The number of classes before fit Counter({0: 274516, 1: 484})
The number of classes after fit Counter({0: 274516, 1: 219612})


In [15]:
274516*0.8

219612.80000000002

#### Advantages
- No loss of information

#### Disadvantages
- Overfitting

#### SMOTETomek

This process is a little more complicated than simply oversampling or undersampling. It is the process of generating synthetic data that tries to randomly generate a sample of the attributes from observations in the minority class. There are a number of methods used to oversample a dataset for a typical classification problem.
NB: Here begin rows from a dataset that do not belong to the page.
definition xc_step :: "real \<Rightarrow> real \<Rightarrow> real" where
  "xc_step u c = (if u < real M * a then c / real M + (real (alpha_idx a u) - 1) / real M
     else real M * c - real (beta_idx M c) + 1)"

definition xs_step :: "real \<Rightarrow> real \<Rightarrow> real \<Rightarrow> real" where
  "xs_step u c s = (if u < real M * a then (1 - real M * b_a) * s
     else b_a * s + 1 + b_a * (real (beta_idx M c) - real M - 1))"

lemma f2_eq: "f2 M a z = (tau M a (fst z), xc_step (fst z) (snd z))"
  by (cases z) (simp add: f2_def xc_step_def)

lemma f3_eq:
  "f3 M a b_a x = (tau M a (fst x), xc_step (fst x) (fst (snd x)), xs_step (fst x) (fst (snd x)) (snd (snd x)))"
  by (cases x) (simp add: f3_def f2_def xc_step_def xs_step_def)

lemma fst_funpow_f3: "fst ((f3 M a b_a ^^ n) x) = (tau M a ^^ n) (fst x)"
  by (induction n) (simp_all add: f3_eq)

lemma funpow_f2_eq_funpow_f3:
  "(f2 M a ^^ n) (u, c) = (fst ((f3 M a b_a ^^ n) (u, c, s)), fst (snd ((f3 M a b_a ^^ n) (u, c, s))))"
  by (induction n) (simp_all add: f2_eq f3_eq)

lemma beta_idx_range: "0 \<le> c \<Longrightarrow> c \<le> 1 \<Longrightarrow> 1 \<le> beta_idx M c \<and> beta_idx M c \<le> M"
  using M_ge_2 by (auto simp: beta_idx_def)

lemma xc_step_range:
  assumes "u \<in> {0..<1}" "0 \<le> c" "c \<le> 1"
  shows "0 \<le> xc_step u c \<and> xc_step u c \<le> 1"
proof (cases "u < real M * a")
  case True
  have k: "1 \<le> alpha_idx a u" "alpha_idx a u \<le> M" using alpha_idx_range True assms by auto
  have "xc_step u c = (c + real (alpha_idx a u) - 1) / real M"
    using True M_pos by (simp add: xc_step_def field_simps)
  moreover have "0 \<le> (c + real (alpha_idx a u) - 1) / real M" using k assms M_pos by simp
  moreover have "(c + real (alpha_idx a u) - 1) / real M \<le> 1" using k assms M_pos
    by (simp add: divide_le_eq_1)
  ultimately show ?thesis by simp
next
  case False
  show ?thesis
  proof (cases "c < 1")
    case True
    have "real M * c < real M" using True M_pos by simp
    then have "\<lfloor>real M * c\<rfloor> < int M" by (simp add: floor_less_iff)
    moreover have fl0: "0 \<le> \<lfloor>real M * c\<rfloor>" using assms by simp
    ultimately have "nat \<lfloor>real M * c\<rfloor> < M" by (simp add: nat_less_iff)
    then have "real (beta_idx M c) = real_of_int \<lfloor>real M * c\<rfloor> + 1"
      using fl0 by (simp add: beta_idx_def)
    moreover have "real_of_int \<lfloor>real M * c\<rfloor> \<le> real M * c" "real M * c < real_of_int \<lfloor>real M * c\<rfloor> + 1"
      by linarith+
    moreover have "xc_step u c = real M * c - real (beta_idx M c) + 1" using False by (simp add: xc_step_def)
    ultimately show ?thesis by linarith
  next
    case False
    then have "c = 1" using assms by simp
    then show ?thesis using \<open>\<not> u < real M * a\<close> by (simp add: xc_step_def beta_idx_def)
  qed
qed

lemma xs_step_range:
  assumes "u \<in> {0..<1}" "0 \<le> c" "c \<le> 1" "0 \<le> s" "s \<le> 1"
  shows "0 \<le> xs_step u c s \<and> xs_step u c s \<le> 1"
proof (cases "u < real M * a")
  case True
  have "0 \<le> real M * a" "real M * a \<le> 1" using a_pos Ma_lt_1 by auto
  then show ?thesis using True assms one_minus_M_b_a by (simp add: xs_step_def mult_le_one)
next
  case False
  have k: "1 \<le> beta_idx M c" "beta_idx M c \<le> M" using beta_idx_range assms by auto
  have "b_a * s \<le> b_a" "0 \<le> b_a * s" using b_a_pos assms by (simp_all add: mult_left_le)
  moreover have "b_a * (real (beta_idx M c) - real M - 1) \<le> b_a * (-1)"
    using k b_a_pos by (intro mult_left_mono) auto
  moreover have "b_a * (- real M) \<le> b_a * (real (beta_idx M c) - real M - 1)"
    using k b_a_pos by (intro mult_left_mono) auto
  moreover have "0 \<le> 1 - b_a * real M" using one_minus_M_b_a a_pos by (simp add: mult.commute)
  ultimately show ?thesis using False by (simp add: xs_step_def)
qed

lemma f3_maps_cube:
  assumes "x \<in> {0..<1} \<times> {0..1} \<times> {0..1}"
  shows "f3 M a b_a x \<in> {0..<1} \<times> {0..1} \<times> {0..1}"
  using assms branch_inv_digit_tau(1) xc_step_range xs_step_range by (auto simp: f3_eq)

lemma funpow_f3_maps_cube:
  "x \<in> {0..<1} \<times> {0..1} \<times> {0..1} \<Longrightarrow> (f3 M a b_a ^^ n) x \<in> {0..<1} \<times> {0..1} \<times> {0..1}"
  by (induction n) (simp_all add: f3_maps_cube del: mem_Sigma_iff)

lemma beta_idx_eq_M: assumes "1 - c \<le> 1 / real M" "c \<le> 1" shows "beta_idx M c = M"
proof -
  have "real M * (1 - c) \<le> 1" using assms M_pos by (simp add: field_simps)
  then have "int M - 1 \<le> \<lfloor>real M * c\<rfloor>" by (simp add: le_floor_iff algebra_simps)
  then show ?thesis by (simp add: beta_idx_def)
qed


definition orbit3 :: "real \<times> real \<times> real \<Rightarrow> nat \<Rightarrow> real \<times> real \<times> real" where
  "orbit3 x n = (f3 M a b_a ^^ n) x"

context
  fixes x :: "real \<times> real \<times> real"
  assumes x: "x \<in> {0..<1} \<times> {0..1} \<times> {0..1}"
begin

abbreviation "xu n \<equiv> fst (orbit3 x n)"
abbreviation "xc n \<equiv> fst (snd (orbit3 x n))"
abbreviation "xs n \<equiv> snd (snd (orbit3 x n))"

lemma orbit_range: "xu n \<in> {0..<1}" "0 \<le> xc n" "xc n \<le> 1" "0 \<le> xs n" "xs n \<le> 1"
  using funpow_f3_maps_cube[OF x, of n] by (auto simp: orbit3_def)

lemma orbit_Suc:
  "xu (Suc n) = tau M a (xu n)" "xc (Suc n) = xc_step (xu n) (xc n)" "xs (Suc n) = xs_step (xu n) (xc n) (xs n)"
  by (simp_all add: orbit3_def f3_eq)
The most common technique is called SMOTE (Synthetic Minority Over-sampling Technique). In simple terms, it looks at the feature space for the minority class data points and considers its k nearest neighbours.

Note that SMOTE genereates new data while oversampling just repeats already available data.

In [16]:
from imblearn.combine import SMOTETomek

In [17]:
st = SMOTETomek(sampling_strategy=0.8)

In [18]:
X_st, y_st = st.fit_sample(X, y)
print("The number of classes before fit {}".format(Counter(y)))
print("The number of classes after fit {}".format(Counter(y_st)))

The number of classes before fit Counter({0: 274516, 1: 484})
The number of classes after fit Counter({0: 273950, 1: 219046})


#### Ensemble Techniques

The ensemble-based method is another technique which is used to deal with imbalanced data sets, and the ensemble technique is combined the result or performance of several classiﬁers to improve the performance of single classiﬁer. This method modifies the generalisation ability of individual classifiers by assembling various classifiers. It mainly combines the outputs of multiple base learners. There are various approaches in ensemble learning such as Bagging, Boosting, etc.

#### Advantages
- This is a more stable model
- The prediction is better

#### Cross-Validation and Hyperparameter Tuning

Cross-validation and hyperparameter tuning can be used directly on machine learning model or on machine learning model along with a method we used above. It will always help to improve the performance of our model.

### Use the right evaluation metrics:

Accuracy score is not much useful in classification problem with class imbalance since Null accuracy (always predicting major class) is extremely high. Evaluation metrics can be applied such as:

- Confusion Matrix: a table showing correct predictions and types of incorrect predictions.

- Precision: the number of true positives divided by all positive predictions. Precision is also called Positive Predictive Value. It is a measure of a classifier’s exactness. Low precision indicates a high number of false positives.

- Recall: the number of true positives divided by the number of positive values in the test data. Recall is also called Sensitivity or the True Positive Rate. It is a measure of a classifier’s completeness. Low recall indicates a high number of false negatives.

- F1-Score: the weighted average of precision and recall.